> _What the task requires_:
In the records below, find the line containing "by (simp add: vec_eq_iff forall_3 matrix_matrix_mult_def" and the line containing "forall_3 complexify_def complex_eq_iff)"; please repeat exactly the lines from one to the other, both included, and nothing more.
..........
lemma halfflat_param_surj:
  assumes x: "x \<noteq> 0" and y: "(pencil_normal *v x) \<bullet> y = 0"
  shows "\<exists>w. y = halfflat_param x w"
proof -
  have h: "x$1 * y$2 + x$2 * (y$1 - y$3) = 0"
    using y by (simp add: inner_pencil_normal)
  define D where "D = x$1^2 + 4 * x$2^2"
  have "x$1 \<noteq> 0 \<or> x$2 \<noteq> 0"
    using x by (auto simp: vec_eq_iff forall_2)
  then have "D > 0"
    by (auto simp: D_def add_pos_nonneg add_nonneg_pos)
  \<comment> \<open>\<open>c\<close> is the orthogonal coordinate of \<open>y\<close> along \<open>v = (x\<^sub>1, -2 x\<^sub>2, -x\<^sub>1)\<close>; note \<open>v \<bullet> v = 2 D\<close>\<close>
  define c where "c = (x$1 * (y$1 - y$3) - 4 * x$2 * y$2) / (2 * D)"
  have "c * x$1 = (y$1 - y$3) / 2"
  proof -
    have "(x$1 * (y$1 - y$3) - 4 * x$2 * y$2) * x$1
        = (y$1 - y$3) * D - 4 * x$2 * (x$1 * y$2 + x$2 * (y$1 - y$3))"
      by (simp add: D_def power2_eq_square algebra_simps)
    then show ?thesis
      using \<open>D > 0\<close> unfolding h by (simp add: c_def field_simps)
  qed
  moreover have "c * x$2 = - y$2 / 2"
  proof -
    have "(x$1 * (y$1 - y$3) - 4 * x$2 * y$2) * x$2
        = - y$2 * D + x$1 * (x$1 * y$2 + x$2 * (y$1 - y$3))"
      by (simp add: D_def power2_eq_square algebra_simps)
    then show ?thesis
      using \<open>D > 0\<close> unfolding h by (simp add: c_def field_simps)
  qed
  ultimately have "y = halfflat_param x (vector [(y$1 + y$3) / 2, c])"
    by (simp add: halfflat_param_def vec_eq_iff forall_3 field_simps)
  then show ?thesis ..
qed

lemma halfflat_set_param:
  "halfflat_set = (\<lambda>(x, w). (pt x, pt (halfflat_param x w))) ` ((- {0}) \<times> (- {0}))"
proof
  show "halfflat_set \<subseteq> (\<lambda>(x, w). (pt x, pt (halfflat_param x w))) ` ((- {0}) \<times> (- {0}))"
  proof
    fix z assume "z \<in> halfflat_set"
    then obtain x y where z: "z = (pt x, pt y)" and "x \<noteq> 0" "y \<noteq> 0"
      and "(pencil_normal *v x) \<bullet> y = 0"
      by (auto simp: halfflat_set_pencil)
    then obtain w where "y = halfflat_param x w"
      using halfflat_param_surj by blast
    with \<open>x \<noteq> 0\<close> \<open>y \<noteq> 0\<close> show "z \<in> (\<lambda>(x, w). (pt x, pt (halfflat_param x w))) ` ((- {0}) \<times> (- {0}))"
      using z by (auto simp: halfflat_param_eq_0_iff intro!: image_eqI[where x="(x, w)"])
  qed
  show "(\<lambda>(x, w). (pt x, pt (halfflat_param x w))) ` ((- {0}) \<times> (- {0})) \<subseteq> halfflat_set"
    unfolding halfflat_set_pencil
    using halfflat_param_eq_0_iff inner_pencil_normal_param by fastforce
qed

lemma connected_halfflat_set: "connected halfflat_set"
proof -
  have param: "(\<lambda>z. halfflat_param (fst z) (snd z)) = (\<lambda>z. (snd z)$1 *\<^sub>R vector [1, 0, 1]
      + (snd z)$2 *\<^sub>R ((fst z)$1 *\<^sub>R vector [1, 0, -1] + (fst z)$2 *\<^sub>R vector [0, -2, 0]))"
    by (simp add: fun_eq_iff halfflat_param_def vec_eq_iff forall_3)
  then have "continuous_on ((- {0}) \<times> (- {0})) (\<lambda>z. halfflat_param (fst z) (snd z))"
    unfolding param by (intro continuous_intros)
  moreover have "(\<lambda>z. halfflat_param (fst z) (snd z)) ` ((- {0}) \<times> (- {0})) \<subseteq> - {0}"
    by (auto simp: halfflat_param_eq_0_iff)
  ultimately have "continuous_on ((- {0}) \<times> (- {0})) (\<lambda>(x, w). (pt x, pt (halfflat_param x w)))"
    unfolding case_prod_beta
    by (intro continuous_on_Pair continuous_on_compose2[OF continuous_on_pt]
        continuous_on_fst continuous_on_id) auto
  moreover have "connected ((- {0::real^2}) \<times> (- {0::real^2}))"
    by (intro connected_Times connected_punctured_universe) auto
  ultimately show ?thesis
    unfolding halfflat_set_param by (rule connected_continuous_image)
qed

lemma pt_eq_pt_101_iff:
  fixes y :: "real^3"
  assumes "y \<noteq> 0"
  shows "pt y = pt (vector [1, 0, 1]) \<longleftrightarrow> y$2 = 0 \<and> y$1 = y$3"
proof
  assume "pt y = pt (vector [1, 0, 1])"
  then obtain c where "y = c *\<^sub>R vector [1, 0, 1]"
    using pt_eq_pt_iff[OF assms, of "vector [1, 0, 1]"] by (auto simp: vec_eq_iff forall_3)
  then show "y$2 = 0 \<and> y$1 = y$3" by simp
next
  assume y: "y$2 = 0 \<and> y$1 = y$3"
  then have "y = y$1 *\<^sub>R vector [1, 0, 1]"
    by (simp add: vec_eq_iff forall_3)
  moreover have "y$1 \<noteq> 0"
    using y assms by (auto simp: vec_eq_iff forall_3)
  ultimately show "pt y = pt (vector [1, 0, 1])"
    by (metis pt_scaleR)
qed

lemma hermitian_iff:
  fixes x :: "real^2" and y :: "real^3"
  assumes "x \<noteq> 0"
  shows "hermitian x y \<longleftrightarrow> y$2 = 0 \<and> y$1 = y$3"
proof
  assume "hermitian x y"
  then have e1: "x$1 * y$2 + x$2 * (y$1 - y$3) = 0"
    and e2: "x$1 * (y$1 - y$3) - x$2 * y$2 = 0"
    by (auto simp: hermitian_def lam1_def lam2_def lam3_def lam4_def algebra_simps)
  have det: "x$1^2 + x$2^2 \<noteq> 0"
    using assms by (auto simp: vec_eq_iff forall_2)
  have "(x$1^2 + x$2^2) * y$2
      = x$1 * (x$1 * y$2 + x$2 * (y$1 - y$3)) - x$2 * (x$1 * (y$1 - y$3) - x$2 * y$2)"
    by (simp add: power2_eq_square algebra_simps)
  then have "y$2 = 0"
    using det unfolding e1 e2 by auto
  moreover have "(x$1^2 + x$2^2) * (y$1 - y$3)
      = x$2 * (x$1 * y$2 + x$2 * (y$1 - y$3)) + x$1 * (x$1 * (y$1 - y$3) - x$2 * y$2)"
    by (simp add: power2_eq_square algebra_simps)
  then have "y$1 = y$3"
    using det unfolding e1 e2 by auto
  ultimately show "y$2 = 0 \<and> y$1 = y$3" ..
qed (simp add: hermitian_def lam1_def lam2_def lam3_def lam4_def)

definition ccross :: "complex^3 \<Rightarrow> complex^3 \<Rightarrow> complex^3" where
  "ccross a b = vector [a$2 * b$3 - a$3 * b$2, a$3 * b$1 - a$1 * b$3, a$1 * b$2 - a$2 * b$1]"

definition hat :: "complex^3 \<Rightarrow> complex^3^3" where
  "hat a = vector [vector [0, - a$3, a$2], vector [a$3, 0, - a$1], vector [- a$2, a$1, 0]]"

lemma hat_commutator: "hat a ** hat b - hat b ** hat a = hat (ccross a b)"
  by (simp add: vec_eq_iff forall_3 matrix_matrix_mult_def sum_3 hat_def ccross_def
      algebra_simps)

lemma ccross_smult: "ccross (k *s a) (k *s b) = (k * k) *s ccross a b"
  by (simp add: vec_eq_iff forall_3 ccross_def algebra_simps)

lemma linear_hat: "linear hat"
  by (rule linearI) (simp_all add: vec_eq_iff forall_3 hat_def)

lemma inj_hat: "inj hat"
  by (rule injI) (simp add: vec_eq_iff forall_3 hat_def)

lemma range_hat: "range hat = {A. transpose A = - A}"
proof
  show "range hat \<subseteq> {A. transpose A = - A}"
    by (auto simp: vec_eq_iff forall_3 hat_def transpose_def)
  show "{A. transpose A = - A} \<subseteq> range hat"
  proof
    fix A :: "complex^3^3" assume "A \<in> {A. transpose A = - A}"
    then have skew_A: "transpose A = - A" by simp
    have skew: "A$j$i = - A$i$j" for i j
    proof -
      have "(transpose A)$i$j = (- A)$i$j"
        by (simp only: skew_A)
      then show ?thesis by (simp add: transpose_def)
    qed
    have "A$i$i = 0" for i
      using skew[of i i] by simp
    then have "A = hat (vector [A$3$2, A$1$3, A$2$1])"
      using skew[of 1 2] skew[of 1 3] skew[of 2 3] by (simp add: vec_eq_iff forall_3 hat_def)
    then show "A \<in> range hat" by (rule range_eqI)
  qed
qed

lemma forall_6: "(\<forall>i::6. P i) \<longleftrightarrow> P 1 \<and> P 2 \<and> P 3 \<and> P 4 \<and> P 5 \<and> P 6"
proof (intro iffI allI)
  fix i :: 6
  assume "P 1 \<and> P 2 \<and> P 3 \<and> P 4 \<and> P 5 \<and> P 6"
  moreover have "{1, 2, 3, 4, 5, 6} = (UNIV :: 6 set)"
    by (rule card_subset_eq) simp_all
  then have "i \<in> {1, 2, 3, 4, 5, 6}"
    by simp
  ultimately show "P i" by auto
qed simp

definition complexify :: "real^6 \<Rightarrow> complex^3" where
  "complexify X = vector [Complex (X$1) (X$2), Complex (X$3) (X$4), Complex (X$5) (X$6)]"

lemma linear_complexify: "linear complexify"
  by (rule linearI) (simp_all add: vec_eq_iff forall_3 complexify_def complex_eq_iff)

lemma inj_complexify: "inj complexify"
  by (rule injI) (simp add: vec_eq_iff forall_3 forall_6 complexify_def complex_eq_iff)

lemma surj_complexify: "surj complexify"
proof (rule surjI)
  fix u :: "complex^3"
  define X :: "real^6" where "X = (\<chi> i. if i = 1 then Re (u$1) else if i = 2 then Im (u$1)
      else if i = 3 then Re (u$2) else if i = 4 then Im (u$2)
      else if i = 5 then Re (u$3) else Im (u$3))"
  have "X$1 = Re (u$1)" "X$2 = Im (u$1)" "X$3 = Re (u$2)" "X$4 = Im (u$2)"
    "X$5 = Re (u$3)" "X$6 = Im (u$3)"
    by (simp_all add: X_def)
  then show "complexify X = u"
    by (simp add: complexify_def vec_eq_iff forall_3 complex_eq_iff)
qed

lemma complexify_lie_bracket:
  assumes "y = c *\<^sub>R vector [1, 0, 1]"
  shows "complexify (lie_bracket x y X Y)
    = - (complex_of_real c * Complex (x$2) (x$1)) *s ccross (complexify X) (complexify Y)"
  using assms
  by (simp add: vec_eq_iff forall_3 complexify_def ccross_def complex_eq_iff lie_bracket_def
      dE_def Let_def w2_def algebra_simps)

lemma iso_so3C_if_complexify_bracket:
  assumes "k \<noteq> 0"
    and bracket: "\<And>X Y. complexify (lie_bracket x y X Y) = k *s ccross (complexify X) (complexify Y)"
  shows "iso_so3C x y"
proof -
  define \<phi> where "\<phi> = hat \<circ> (*s) k \<circ> complexify"
  have linear_smult: "linear ((*s) k)"
    by (rule linearI) (simp_all add: vec_eq_iff algebra_simps)
  have inj_smult: "inj ((*s) k)"
    using assms(1) by (auto intro!: injI simp: vec_eq_iff)
  have surj_smult: "surj ((*s) k)"
    using assms(1) by (auto intro!: surjI[of _ "(*s) (1 / k)"] simp: vec_eq_iff)
  have "linear \<phi>"
    unfolding \<phi>_def by (intro linear_compose linear_hat linear_complexify linear_smult)
  moreover have "inj \<phi>"
    unfolding \<phi>_def by (intro inj_compose inj_hat inj_complexify inj_smult)
  moreover have "range \<phi> = {A. transpose A = - A}"
    unfolding \<phi>_def range_hat[symmetric] image_comp[symmetric] surj_complexify surj_smult ..
  moreover have "\<phi> (lie_bracket x y X Y) = \<phi> X ** \<phi> Y - \<phi> Y ** \<phi> X" for X Y
    by (simp add: \<phi>_def hat_commutator bracket ccross_smult)
  ultimately show ?thesis
    unfolding iso_so3C_def by blast
qed

lemma iso_so3C_101:
  assumes "x \<noteq> 0" "c \<noteq> 0"
  shows "iso_so3C x (c *\<^sub>R vector [1, 0, 1])"
proof (rule iso_so3C_if_complexify_bracket)
  show "- (complex_of_real c * Complex (x$2) (x$1)) \<noteq> 0"
    using assms by (auto simp: vec_eq_iff forall_2 complex_eq_iff)
qed (rule complexify_lie_bracket[OF refl])

theorem proposition3p18:
  fixes p :: "real^3"
  assumes p_def: "p = vector [1, 0, 1]"
  shows
    \<comment> \<open>via projection onto the second factor, the half-flat set is the blow-up of RP^2
        at [1:0:1]: a homeomorphism over RP^2, induced on the RP^1 factor by a linear
        isomorphism of R^2 onto p^perp (RP^1 = the pencil of lines through [p])\<close>
    "(\<exists>\<Phi> \<Psi> (A :: real^2 \<Rightarrow> real^3).
        homeomorphism halfflat_set (blowup p) \<Phi> \<Psi> \<and>
        (\<forall>z\<in>halfflat_set. snd (\<Phi> z) = snd z) \<and>
        linear A \<and> inj A \<and> range A = {n. n \<bullet> p = 0} \<and>
        (\<forall>x y. x \<noteq> 0 \<longrightarrow> y \<noteq> 0 \<longrightarrow> (pt x, pt y) \<in> halfflat_set \<longrightarrow>
            \<Phi> (pt x, pt y) = (pt (A x), pt y)))
     \<and> connected halfflat_set
     \<and> (\<forall>x y. x \<noteq> 0 \<longrightarrow> y \<noteq> 0 \<longrightarrow> (hermitian x y \<longleftrightarrow> pt y = pt p))
     \<and> (\<forall>x y. x \<noteq> 0 \<longrightarrow> y \<noteq> 0 \<longrightarrow> pt y = pt p \<longrightarrow> iso_so3C x y)"
proof (intro conjI allI impI)
  show "\<exists>\<Phi> \<Psi> (A :: real^2 \<Rightarrow> real^3).
        homeomorphism halfflat_set (blowup p) \<Phi> \<Psi> \<and>
        (\<forall>z\<in>halfflat_set. snd (\<Phi> z) = snd z) \<and>
        linear A \<and> inj A \<and> range A = {n. n \<bullet> p = 0} \<and>
        (\<forall>x y. x \<noteq> 0 \<longrightarrow> y \<noteq> 0 \<longrightarrow> (pt x, pt y) \<in> halfflat_set \<longrightarrow>
            \<Phi> (pt x, pt y) = (pt (A x), pt y))"
    unfolding p_def
    using homeomorphism_halfflat_blowup matrix_vector_mul_linear inj_pencil_normal
      range_pencil_normal
    by (intro exI[of _ "\<lambda>(P, Q). (proj_map pencil_normal P, Q)"] exI conjI)
      (auto simp: proj_map_pt pencil_normal_eq_0_iff)
  show "connected halfflat_set"
    by (rule connected_halfflat_set)
next
  fix x :: "real^2" and y :: "real^3"
  assume "x \<noteq> 0" "y \<noteq> 0"
  then show "hermitian x y \<longleftrightarrow> pt y = pt p"
    by (simp add: p_def hermitian_iff pt_eq_pt_101_iff)
  assume "pt y = pt p"
  then obtain c where "c \<noteq> 0" "y = c *\<^sub>R vector [1, 0, 1]"
    using pt_eq_pt_iff[OF \<open>y \<noteq> 0\<close>, of p] by (auto simp: p_def vec_eq_iff forall_3)
  then show "iso_so3C x y"
    using iso_so3C_101[OF \<open>x \<noteq> 0\<close>] by simp
qed

end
..........
> _Written response_:
  by (simp add: vec_eq_iff forall_3 matrix_matrix_mult_def sum_3 hat_def ccross_def
      algebra_simps)

lemma ccross_smult: "ccross (k *s a) (k *s b) = (k * k) *s ccross a b"
  by (simp add: vec_eq_iff forall_3 ccross_def algebra_simps)

lemma linear_hat: "linear hat"
  by (rule linearI) (simp_all add: vec_eq_iff forall_3 hat_def)

lemma inj_hat: "inj hat"
  by (rule injI) (simp add: vec_eq_iff forall_3 hat_def)

lemma range_hat: "range hat = {A. transpose A = - A}"
proof
  show "range hat \<subseteq> {A. transpose A = - A}"
    by (auto simp: vec_eq_iff forall_3 hat_def transpose_def)
  show "{A. transpose A = - A} \<subseteq> range hat"
  proof
    fix A :: "complex^3^3" assume "A \<in> {A. transpose A = - A}"
    then have skew_A: "transpose A = - A" by simp
    have skew: "A$j$i = - A$i$j" for i j
    proof -
      have "(transpose A)$i$j = (- A)$i$j"
        by (simp only: skew_A)
      then show ?thesis by (simp add: transpose_def)
    qed
    have "A$i$i = 0" for i
      using skew[of i i] by simp
    then have "A = hat (vector [A$3$2, A$1$3, A$2$1])"
      using skew[of 1 2] skew[of 1 3] skew[of 2 3] by (simp add: vec_eq_iff forall_3 hat_def)
    then show "A \<in> range hat" by (rule range_eqI)
  qed
qed

lemma forall_6: "(\<forall>i::6. P i) \<longleftrightarrow> P 1 \<and> P 2 \<and> P 3 \<and> P 4 \<and> P 5 \<and> P 6"
proof (intro iffI allI)
  fix i :: 6
  assume "P 1 \<and> P 2 \<and> P 3 \<and> P 4 \<and> P 5 \<and> P 6"
  moreover have "{1, 2, 3, 4, 5, 6} = (UNIV :: 6 set)"
    by (rule card_subset_eq) simp_all
  then have "i \<in> {1, 2, 3, 4, 5, 6}"
    by simp
  ultimately show "P i" by auto
qed simp

definition complexify :: "real^6 \<Rightarrow> complex^3" where
  "complexify X = vector [Complex (X$1) (X$2), Complex (X$3) (X$4), Complex (X$5) (X$6)]"

lemma linear_complexify: "linear complexify"
  by (rule linearI) (simp_all add: vec_eq_iff forall_3 complexify_def complex_eq_iff)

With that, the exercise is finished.